### What is expected
All lines in the data below carrying the string "moreover" are to be located and copied.
------ Task input ------
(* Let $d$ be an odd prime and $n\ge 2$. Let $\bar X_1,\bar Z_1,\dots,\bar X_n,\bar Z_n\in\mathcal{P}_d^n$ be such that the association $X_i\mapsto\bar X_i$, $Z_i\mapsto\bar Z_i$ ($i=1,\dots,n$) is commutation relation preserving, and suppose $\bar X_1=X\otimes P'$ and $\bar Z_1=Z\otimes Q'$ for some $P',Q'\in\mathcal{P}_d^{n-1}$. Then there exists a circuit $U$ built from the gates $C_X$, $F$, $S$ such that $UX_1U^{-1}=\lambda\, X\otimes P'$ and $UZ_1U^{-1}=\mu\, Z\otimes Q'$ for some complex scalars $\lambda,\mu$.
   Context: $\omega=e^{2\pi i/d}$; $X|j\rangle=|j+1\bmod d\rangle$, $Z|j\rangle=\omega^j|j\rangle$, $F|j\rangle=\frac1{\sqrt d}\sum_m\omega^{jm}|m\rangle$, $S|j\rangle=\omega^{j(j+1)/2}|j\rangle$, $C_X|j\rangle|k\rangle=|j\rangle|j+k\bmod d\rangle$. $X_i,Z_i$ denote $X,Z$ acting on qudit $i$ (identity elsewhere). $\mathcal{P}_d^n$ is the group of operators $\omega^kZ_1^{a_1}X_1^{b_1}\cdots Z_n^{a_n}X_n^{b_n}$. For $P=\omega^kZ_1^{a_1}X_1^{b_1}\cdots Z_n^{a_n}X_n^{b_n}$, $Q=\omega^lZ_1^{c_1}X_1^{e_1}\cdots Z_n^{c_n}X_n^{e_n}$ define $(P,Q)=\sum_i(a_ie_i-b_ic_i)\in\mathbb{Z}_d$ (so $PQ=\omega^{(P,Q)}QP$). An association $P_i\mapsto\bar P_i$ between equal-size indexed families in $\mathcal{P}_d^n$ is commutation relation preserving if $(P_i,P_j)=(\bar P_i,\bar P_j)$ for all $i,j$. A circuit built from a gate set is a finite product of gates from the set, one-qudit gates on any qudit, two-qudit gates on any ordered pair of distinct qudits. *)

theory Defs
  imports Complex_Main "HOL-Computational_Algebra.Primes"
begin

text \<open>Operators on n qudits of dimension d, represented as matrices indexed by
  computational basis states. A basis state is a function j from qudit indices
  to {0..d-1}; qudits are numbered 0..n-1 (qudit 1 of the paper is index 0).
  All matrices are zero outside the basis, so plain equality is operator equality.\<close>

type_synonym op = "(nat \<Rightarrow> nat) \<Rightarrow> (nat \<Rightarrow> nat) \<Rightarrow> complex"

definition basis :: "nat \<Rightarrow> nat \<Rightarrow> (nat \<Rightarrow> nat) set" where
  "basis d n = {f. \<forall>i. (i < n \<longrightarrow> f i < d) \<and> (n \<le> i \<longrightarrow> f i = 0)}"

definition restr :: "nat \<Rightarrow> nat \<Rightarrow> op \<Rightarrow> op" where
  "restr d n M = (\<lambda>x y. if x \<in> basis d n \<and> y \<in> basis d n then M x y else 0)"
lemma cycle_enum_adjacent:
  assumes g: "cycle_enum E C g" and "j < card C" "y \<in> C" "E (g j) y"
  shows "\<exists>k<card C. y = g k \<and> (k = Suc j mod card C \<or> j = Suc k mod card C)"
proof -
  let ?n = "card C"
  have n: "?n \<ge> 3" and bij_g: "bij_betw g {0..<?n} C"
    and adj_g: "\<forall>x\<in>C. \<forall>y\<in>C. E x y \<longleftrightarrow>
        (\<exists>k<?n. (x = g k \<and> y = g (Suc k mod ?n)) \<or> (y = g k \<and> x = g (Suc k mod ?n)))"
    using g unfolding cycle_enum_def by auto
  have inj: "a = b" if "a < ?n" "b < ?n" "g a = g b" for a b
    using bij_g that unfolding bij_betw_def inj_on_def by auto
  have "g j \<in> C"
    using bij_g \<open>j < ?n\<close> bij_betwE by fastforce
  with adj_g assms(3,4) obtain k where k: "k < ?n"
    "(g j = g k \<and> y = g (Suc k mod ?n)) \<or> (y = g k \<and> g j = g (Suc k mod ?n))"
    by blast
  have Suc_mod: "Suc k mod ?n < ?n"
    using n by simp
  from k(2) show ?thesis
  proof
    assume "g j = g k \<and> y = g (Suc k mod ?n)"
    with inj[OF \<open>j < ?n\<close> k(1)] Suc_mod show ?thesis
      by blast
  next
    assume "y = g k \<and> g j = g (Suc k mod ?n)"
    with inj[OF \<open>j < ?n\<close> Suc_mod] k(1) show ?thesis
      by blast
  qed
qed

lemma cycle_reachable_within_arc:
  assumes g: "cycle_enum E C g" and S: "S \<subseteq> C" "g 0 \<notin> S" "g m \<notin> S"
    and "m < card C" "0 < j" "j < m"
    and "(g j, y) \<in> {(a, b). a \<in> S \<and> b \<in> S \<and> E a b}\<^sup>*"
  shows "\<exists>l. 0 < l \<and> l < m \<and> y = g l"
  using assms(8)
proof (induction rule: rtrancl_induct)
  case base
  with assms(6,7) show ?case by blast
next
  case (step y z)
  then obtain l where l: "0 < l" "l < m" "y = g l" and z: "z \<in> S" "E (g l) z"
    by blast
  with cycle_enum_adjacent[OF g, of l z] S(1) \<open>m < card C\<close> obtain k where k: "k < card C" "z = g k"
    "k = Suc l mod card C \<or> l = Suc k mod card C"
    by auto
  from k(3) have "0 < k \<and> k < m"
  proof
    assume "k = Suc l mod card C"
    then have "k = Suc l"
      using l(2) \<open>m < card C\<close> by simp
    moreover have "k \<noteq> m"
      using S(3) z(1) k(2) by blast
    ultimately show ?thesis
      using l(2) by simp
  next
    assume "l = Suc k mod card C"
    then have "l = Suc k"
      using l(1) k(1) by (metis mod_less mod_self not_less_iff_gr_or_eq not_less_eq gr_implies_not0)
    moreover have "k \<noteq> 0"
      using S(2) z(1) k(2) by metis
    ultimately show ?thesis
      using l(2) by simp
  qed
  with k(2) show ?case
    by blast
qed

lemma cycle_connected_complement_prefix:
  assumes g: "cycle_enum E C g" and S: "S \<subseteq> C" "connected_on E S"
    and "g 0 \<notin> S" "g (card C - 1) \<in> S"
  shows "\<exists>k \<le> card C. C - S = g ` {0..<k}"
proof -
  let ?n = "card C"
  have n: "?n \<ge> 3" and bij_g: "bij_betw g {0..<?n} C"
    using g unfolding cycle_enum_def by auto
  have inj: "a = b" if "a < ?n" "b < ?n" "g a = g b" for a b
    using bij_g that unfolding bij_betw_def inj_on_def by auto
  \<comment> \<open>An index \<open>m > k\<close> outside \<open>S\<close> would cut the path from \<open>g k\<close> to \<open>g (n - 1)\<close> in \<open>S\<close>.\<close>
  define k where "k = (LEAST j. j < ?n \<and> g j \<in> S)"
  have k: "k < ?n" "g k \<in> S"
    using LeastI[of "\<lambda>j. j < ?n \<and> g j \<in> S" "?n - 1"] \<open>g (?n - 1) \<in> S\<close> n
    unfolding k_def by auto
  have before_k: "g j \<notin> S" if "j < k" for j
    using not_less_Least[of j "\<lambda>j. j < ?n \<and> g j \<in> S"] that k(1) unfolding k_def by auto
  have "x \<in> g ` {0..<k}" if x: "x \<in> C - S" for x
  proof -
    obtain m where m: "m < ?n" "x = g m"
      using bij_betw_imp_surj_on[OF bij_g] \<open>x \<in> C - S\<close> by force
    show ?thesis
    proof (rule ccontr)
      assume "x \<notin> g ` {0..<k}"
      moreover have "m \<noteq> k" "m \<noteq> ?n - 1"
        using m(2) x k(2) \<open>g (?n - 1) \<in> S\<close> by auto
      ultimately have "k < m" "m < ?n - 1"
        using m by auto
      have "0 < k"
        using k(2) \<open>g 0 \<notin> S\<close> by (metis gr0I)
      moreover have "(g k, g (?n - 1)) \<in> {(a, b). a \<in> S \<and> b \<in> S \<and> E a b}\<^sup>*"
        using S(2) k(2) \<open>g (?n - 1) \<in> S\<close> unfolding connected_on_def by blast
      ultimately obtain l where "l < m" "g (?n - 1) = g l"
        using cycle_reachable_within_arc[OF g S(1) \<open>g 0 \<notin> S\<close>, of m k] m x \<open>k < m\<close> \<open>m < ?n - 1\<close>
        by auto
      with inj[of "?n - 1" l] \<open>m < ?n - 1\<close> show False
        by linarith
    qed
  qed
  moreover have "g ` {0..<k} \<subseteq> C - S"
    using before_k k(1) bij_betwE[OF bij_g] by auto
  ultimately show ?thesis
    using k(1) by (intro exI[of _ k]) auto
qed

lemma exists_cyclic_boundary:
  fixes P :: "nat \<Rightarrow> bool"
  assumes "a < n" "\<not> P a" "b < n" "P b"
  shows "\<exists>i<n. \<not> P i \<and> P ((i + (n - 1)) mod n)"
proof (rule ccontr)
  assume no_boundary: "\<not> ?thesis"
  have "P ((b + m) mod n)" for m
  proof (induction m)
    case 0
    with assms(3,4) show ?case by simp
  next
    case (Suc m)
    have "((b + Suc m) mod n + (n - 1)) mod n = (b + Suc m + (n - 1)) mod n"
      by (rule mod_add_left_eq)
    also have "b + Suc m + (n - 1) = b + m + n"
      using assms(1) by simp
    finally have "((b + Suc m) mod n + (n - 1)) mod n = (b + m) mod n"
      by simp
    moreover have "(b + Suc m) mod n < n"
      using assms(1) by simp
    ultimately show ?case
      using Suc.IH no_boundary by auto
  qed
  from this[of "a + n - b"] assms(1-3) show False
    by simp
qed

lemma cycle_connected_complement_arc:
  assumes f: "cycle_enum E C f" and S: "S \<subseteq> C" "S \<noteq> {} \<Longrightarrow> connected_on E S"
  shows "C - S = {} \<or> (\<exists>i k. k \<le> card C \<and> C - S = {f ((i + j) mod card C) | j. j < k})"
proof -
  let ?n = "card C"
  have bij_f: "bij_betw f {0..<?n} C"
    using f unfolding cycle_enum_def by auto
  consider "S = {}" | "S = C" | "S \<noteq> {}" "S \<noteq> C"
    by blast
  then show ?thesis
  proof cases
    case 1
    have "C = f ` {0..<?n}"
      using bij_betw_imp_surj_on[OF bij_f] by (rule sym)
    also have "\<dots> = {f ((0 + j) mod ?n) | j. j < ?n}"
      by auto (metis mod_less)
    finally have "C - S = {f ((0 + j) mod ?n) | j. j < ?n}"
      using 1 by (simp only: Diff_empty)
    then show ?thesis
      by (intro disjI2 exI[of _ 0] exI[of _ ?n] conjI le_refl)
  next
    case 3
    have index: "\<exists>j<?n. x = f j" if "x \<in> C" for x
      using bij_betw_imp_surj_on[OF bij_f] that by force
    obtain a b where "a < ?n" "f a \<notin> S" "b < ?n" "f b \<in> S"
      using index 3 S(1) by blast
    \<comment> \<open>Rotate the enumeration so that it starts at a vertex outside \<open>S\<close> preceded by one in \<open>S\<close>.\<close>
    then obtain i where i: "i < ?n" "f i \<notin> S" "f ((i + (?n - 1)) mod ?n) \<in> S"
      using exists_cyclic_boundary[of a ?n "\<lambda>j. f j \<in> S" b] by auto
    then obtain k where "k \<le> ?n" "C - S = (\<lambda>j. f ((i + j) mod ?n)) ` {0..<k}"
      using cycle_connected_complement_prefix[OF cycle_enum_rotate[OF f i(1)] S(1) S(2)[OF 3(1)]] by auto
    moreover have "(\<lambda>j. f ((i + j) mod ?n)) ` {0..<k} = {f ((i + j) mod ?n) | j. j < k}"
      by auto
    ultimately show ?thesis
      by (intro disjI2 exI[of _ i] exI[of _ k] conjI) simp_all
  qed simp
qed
------
### Result below
    moreover have "k \<noteq> m"
    moreover have "k \<noteq> 0"
      moreover have "m \<noteq> k" "m \<noteq> ?n - 1"
      moreover have "(g k, g (?n - 1)) \<in> {(a, b). a \<in> S \<and> b \<in> S \<and> E a b}\<^sup>*"
  moreover have "g ` {0..<k} \<subseteq> C - S"
    moreover have "(b + Suc m) mod n < n"
    moreover have "(\<lambda>j. f ((i + j) mod ?n)) ` {0..<k} = {f ((i + j) mod ?n) | j. j < k}"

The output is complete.